The other thing I thought was how do we develop the ability to truly hear animals? Michael, project manager for the beaver, was fascinated by the story of the eggs, and decided to interview Jean. Here are some excerpts from that interview:

Michael: How did you get that way?

Jean: It is easy is for me to feel that way. It is hard for many people but everyone has it. Just sit down and listen. If they can discuss what’s in them they could get that feeling again. There are places where people live—in Africa, in South America—where they have to think that way because is only way they can survive—by a feeling from your gut, from instinct. Not by what was told to you. You listen to what’s around you. The animals. What’s alive. We all have that capacity to listen to the energy around us, whether good or bad. In the case of the killdeer, it was creation. And I wanted to know where it was at. I was going to destroy their home.

Michael: When did you start this ability?

Jean: I think I always had it but didn’t realize it. When I was nineteen I moved to the United States near Vernal, Utah, where there was no one around for 100 miles. I had to feel what was important around me. Like an animal, I had to feel what was dangerous and what was not. So I became an animal. I got used to working from feeling; walking at night, not seeing what’s in front but feeling what’s in front of me: danger, peace. Mostly danger. Eventually, walking at night was like walking in the day. I could sense energies in front of me, behind me, left and right. It was scary at first. Sometimes it’s still scary now.

Jean with Windwalker the cougar | Earthfire

Michael: How did this change you?

Jean: You can feel beauty. Today, several ravens stopped and looked at me. They said in effect, “Wow, we don’t have to run! This is a safe place.” This happens often. You start living with what is around you as opposed to what is pushed into you or projected onto you. Then it happens. I was riding my horse in the woods and suddenly felt an anger or an agitation. I knew something was going to happen. Suddenly a bull moose and five cows and calves burst out of the woods, bellowing, in front of me and scared my horse. It taught me things I didn’t think I was capable of as a human. I didn’t realize I had it. It never came across my mind.

Michael: How can people learn this?

Jean: People need to be guided. For example, today there is the beauty of having rain fall on me. There is nothing boring in nature. It’s raining on me, I’m wet, I’m feeling it, it’s what the animals endure. We’re not protected. We’re feeling everything that is from nature. So from nature listen to what’s around you. Your own sense. Your feelings. Getting cold—ok, so it’s cold. I’m feeling. It’s life—enjoy it. Enjoy living.

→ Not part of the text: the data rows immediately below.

lemma MT_sum_near_right_edge:
  assumes S: "finite S" and above: "AE x in lebesgue. x > s \<longrightarrow> g x = 0"
    and gap: "\<And>p. p \<in> S \<Longrightarrow> w p \<noteq> 0 \<Longrightarrow> snd p \<noteq> \<beta> \<Longrightarrow> snd p \<le> \<beta> - \<epsilon>"
  shows "AE x in lebesgue. s + \<beta> - \<epsilon> < x \<and> x < s + \<beta> \<longrightarrow>
           (\<Sum>p\<in>S. w p * MT (fst p) (snd p) g x)
             = trig_poly w fst {p\<in>S. snd p = \<beta>} (of_real x) * g (x - \<beta>)"
proof -
  have "AE x in lebesgue. \<forall>p\<in>S. x > s + snd p \<longrightarrow> MT (fst p) (snd p) g x = 0"
    using MT_right_tail_eq_0[OF above] S by (simp add: eventually_ball_finite)
  then show ?thesis
  proof eventually_elim
    case (elim x)
    show ?case
    proof
      assume x: "s + \<beta> - \<epsilon> < x \<and> x < s + \<beta>"
      have "x > s + snd p" if "p \<in> S" "w p \<noteq> 0" "snd p \<noteq> \<beta>" for p
        using gap[OF that] x by linarith
      with elim have "(\<Sum>p\<in>S. w p * MT (fst p) (snd p) g x)
          = (\<Sum>p\<in>{p\<in>S. snd p = \<beta>}. w p * MT (fst p) (snd p) g x)"
        using S by (intro sum.mono_neutral_right) auto
      also have "\<dots> = trig_poly w fst {p\<in>S. snd p = \<beta>} (of_real x) * g (x - \<beta>)"
        unfolding trig_poly_of_real sum_distrib_right by (intro sum.cong) (auto simp: MT_def)
      finally show "(\<Sum>p\<in>S. w p * MT (fst p) (snd p) g x)
          = trig_poly w fst {p\<in>S. snd p = \<beta>} (of_real x) * g (x - \<beta>)" .
    qed
  qed
qed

Michael: Do the feelings stay, or are they just fleeting, come and go?

Jean: I think it’s the love you give back to the environment. You enjoy. Then you can see plants grow, see animals come to that area. With persons, animal, trees, earth, if you have that connection, it will come back to you—and if you receive it, you can multiply it. Help a piece of land live what it’s made to live for. Or with a person, what they’re meant to live for.

Michael: What do you feel after you make a connection?

Jean: Totally fulfilled. And whatever I connect to is also that way.